Question

solve for b and graph the solution.
2|3b + 300| + 2 ≥ 602
click two endpoints to graph a line segment, an endpoint and an arrowhead to graph a ray, or two arrowheads to graph a line. to change endpoints from filled-in circles to empty circles, click on them.
number line with -1,000, -800, -600, -400, -200, 0, 200, 400, 600, 800, 1,000, 1,200, 1,400

Explanation:

Step1: Subtract 2 from both sides

Subtract 2 from each side of the inequality \(2|3b + 300| + 2 \geq 602\) to isolate the absolute - value term.
\(2|3b + 300|+2 - 2\geq602 - 2\)
\(2|3b + 300|\geq600\)

Step2: Divide both sides by 2

Divide each side of the inequality \(2|3b + 300|\geq600\) by 2 to get the absolute - value expression alone.
\(\frac{2|3b + 300|}{2}\geq\frac{600}{2}\)
\(|3b + 300|\geq300\)

Step3: Solve the compound inequality

The absolute - value inequality \(|x|\geq a\) (where \(a>0\)) is equivalent to the compound inequality \(x\geq a\) or \(x\leq - a\).
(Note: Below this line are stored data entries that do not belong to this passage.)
definition C1_boundary :: "'a::euclidean_space set \<Rightarrow> bool" where
  "C1_boundary \<Omega> \<longleftrightarrow> (\<forall>X\<in>frontier \<Omega>. \<exists>U \<phi> g. C1_defining \<Omega> X U \<phi> g)"

definition outward_normal :: "'a::euclidean_space set \<Rightarrow> 'a \<Rightarrow> 'a" where
  "outward_normal \<Omega> X =
     (SOME \<nu>. \<exists>U \<phi> g. C1_defining \<Omega> X U \<phi> g \<and> \<nu> = g X /\<^sub>R norm (g X))"

definition bdry_plus :: "'a::euclidean_space set \<Rightarrow> 'a \<Rightarrow> 'a set" where
  "bdry_plus \<Omega> X0 =
     {X \<in> frontier \<Omega>. outward_normal \<Omega> X \<bullet> outward_normal \<Omega> X0 > 0}"

definition tangent_proj :: "'a::euclidean_space set \<Rightarrow> 'a \<Rightarrow> 'a \<Rightarrow> 'a" where
  "tangent_proj \<Omega> X0 Y =
     Y - ((Y - X0) \<bullet> outward_normal \<Omega> X0) *\<^sub>R outward_normal \<Omega> X0"

definition c_segment :: "'a::euclidean_space set \<Rightarrow> 'a \<Rightarrow> 'a \<Rightarrow> 'a \<Rightarrow> real \<Rightarrow> 'a" where
  "c_segment \<Omega> X0 Y0 Y1 t =
     (THE Y. Y \<in> bdry_plus \<Omega> X0 \<and>
        tangent_proj \<Omega> X0 Y = (1 - t) *\<^sub>R tangent_proj \<Omega> X0 Y0 + t *\<^sub>R tangent_proj \<Omega> X0 Y1)"

end

theory Submission
  imports Defs
begin

text \<open>Since \<open>- c(X, Y) + c(X\<^sub>0, Y) = (X - X\<^sub>0) \<bullet> Y + const\<close> is affine in \<open>Y\<close>, the claim
  reduces to \<open>(X - X\<^sub>0) \<bullet> (Y\<^sub>t - (1 - t) Y\<^sub>0 - t Y\<^sub>1) \<le> 0\<close>. The point \<open>Y\<^sub>t\<close> lies above the
  chord point \<open>Z = (1 - t) Y\<^sub>0 + t Y\<^sub>1 \<in> \<Omega>\<close> in the direction of the normal \<open>N\<close> at \<open>X\<^sub>0\<close>: walking
  from \<open>Z\<close> in direction \<open>N\<close> one meets the boundary at a point whose normal has positive
  component along \<open>N\<close> (otherwise its supporting hyperplane would also support \<open>\<Omega>\<close> at \<open>Y\<^sub>0\<close> or
  \<open>Y\<^sub>1\<close>, contradicting uniqueness of normals at \<open>C\<^sup>1\<close> points), and by injectivity of the
  projection on \<open>\<partial>\<Omega>\<^sup>+(X\<^sub>0)\<close> that point is \<open>Y\<^sub>t\<close>. Finally \<open>(X - X\<^sub>0) \<bullet> N \<le> 0\<close> because \<open>N\<close>
  is an outer normal of the convex set \<open>\<Omega>\<close> at \<open>X\<^sub>0\<close>.\<close>

lemma C1_defining_line_deriv:
  assumes "C1_defining \<Omega> Y U \<phi> g"
  shows "((\<lambda>s. \<phi> (Y + s *\<^sub>R d)) has_real_derivative (g Y \<bullet> d)) (at 0)"
proof -
  have "(\<phi> has_derivative (\<lambda>h. g Y \<bullet> h)) (at Y)"
    using assms unfolding C1_defining_def by blast
  moreover have "((\<lambda>s. Y + s *\<^sub>R d) has_derivative (\<lambda>s. s *\<^sub>R d)) (at 0)"
    by (auto intro!: derivative_eq_intros)
  ultimately have "((\<lambda>s. \<phi> (Y + s *\<^sub>R d)) has_derivative (\<lambda>s. g Y \<bullet> (s *\<^sub>R d))) (at 0)"
    using has_derivative_compose[of "\<lambda>s. Y + s *\<^sub>R d"] by fastforce
  then show ?thesis
    by (simp add: has_field_derivative_def mult.commute[of _ "g Y \<bullet> d"])
qed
So for \(|3b + 300|\geq300\), we have two cases:

Case 1: \(3b+300\geq300\)

Subtract 300 from both sides:
\(3b + 300-300\geq300 - 300\)
\(3b\geq0\)
Divide both sides by 3:
\(\frac{3b}{3}\geq\frac{0}{3}\)
\(b\geq0\)

Case 2: \(3b + 300\leq - 300\)

Subtract 300 from both sides:
\(3b+300 - 300\leq - 300-300\)
\(3b\leq - 600\)
Divide both sides by 3:
\(\frac{3b}{3}\leq\frac{-600}{3}\)
\(b\leq - 200\)

Answer:

The solution to the inequality is \(b\leq - 200\) or \(b\geq0\). To graph this, we draw a number line. For \(b\leq - 200\), we have a ray starting at \(-200\) (with a filled - in circle) and pointing to the left. For \(b\geq0\), we have a ray starting at \(0\) (with a filled - in circle) and pointing to the right.